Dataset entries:
lemma ds_rho_entry:
  assumes p: "ds_coeffs d p" and "i < d" "j < d" "k < d" "l < d"
  shows "ds_rho d p (i, j) (k, l)
       = complex_of_real (assoc_mat p i j) * of_bool ((k = i \<and> l = j) \<or> (k = j \<and> l = i))"
proof -
  let ?S = "{(a, b). a \<le> b \<and> b < d}"
  let ?f = "\<lambda>(a, b). complex_of_real (p a b) * dicke a b (i, j) * cnj (dicke a b (k, l))"
  have "finite ?S"
    by (rule finite_subset[of _ "{..<d} \<times> {..<d}"]) auto
  have "ds_rho d p (i, j) (k, l) = sum ?f ?S"
    by (simp add: ds_rho_def)
  also have "\<dots> = sum ?f {(min i j, max i j)}"
    using \<open>finite ?S\<close> \<open>i < d\<close> \<open>j < d\<close>
    by (intro sum.mono_neutral_right) (auto simp: dicke_def min_def max_def split: if_splits)
  also have "\<dots> = complex_of_real (assoc_mat p i j) * of_bool ((k = i \<and> l = j) \<or> (k = j \<and> l = i))"
  proof -
    have half: "complex_of_real (1 / sqrt 2) * complex_of_real (1 / sqrt 2) = 1 / 2"
      by (simp flip: of_real_mult)
    have "p j i = p i j"
      using p by (simp add: ds_coeffs_def)
    then show ?thesis
      using half by (cases i j rule: linorder_cases) (auto simp: dicke_def assoc_mat_def)
  qed
  finally show ?thesis .
qed

lemma dicke_norm:
  assumes "a \<le> b" "b < d"
  shows "(\<Sum>y\<in>bip d. dicke a b y * cnj (dicke a b y)) = 1"
proof (cases "a = b")
  case True
  then show ?thesis
    using assms by (simp add: dicke_def if_distrib[of "\<lambda>x. x * _"] cong: if_cong)
next
  case False
  have "dicke a b y * cnj (dicke a b y) = of_bool (y = (a, b)) / 2 + of_bool (y = (b, a)) / 2" for y
    using False by (auto simp: dicke_def simp flip: of_real_mult)
  then show ?thesis
    using assms by (simp add: sum.distrib sum_divide_distrib[symmetric])
qed

lemma ds_rho_trace:
  assumes "ds_coeffs d p"
  shows "(\<Sum>i<d. \<Sum>j<d. ds_rho d p (i, j) (i, j)) = 1"
proof -
  let ?S = "{(a, b). a \<le> b \<and> b < d}"
  have "(\<Sum>i<d. \<Sum>j<d. ds_rho d p (i, j) (i, j)) = (\<Sum>y\<in>bip d. ds_rho d p y y)"
    by (simp add: sum.cartesian_product)
  also have "\<dots> = (\<Sum>y\<in>bip d. \<Sum>(a, b)\<in>?S. complex_of_real (p a b) * (dicke a b y * cnj (dicke a b y)))"
    by (simp add: ds_rho_def case_prod_beta mult.assoc)
  also have "\<dots> = (\<Sum>(a, b)\<in>?S. complex_of_real (p a b) * (\<Sum>y\<in>bip d. dicke a b y * cnj (dicke a b y)))"
    by (simp add: sum.swap[of _ "bip d"] sum_distrib_left case_prod_beta)
  also have "\<dots> = (\<Sum>(a, b)\<in>?S. complex_of_real (p a b))"
    by (intro sum.cong refl) (auto simp: dicke_norm)
  also have "\<dots> = complex_of_real (\<Sum>(a, b)\<in>?S. p a b)"
    by (simp add: case_prod_beta)
  also have "(\<Sum>(a, b)\<in>?S. p a b) = 1"
    using assms by (simp add: ds_coeffs_def)
  finally show ?thesis
    by simp
qed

Work instruction — Say how many lines of the data hold the string "lambda", with no other words in your reply.

Response to the task — 2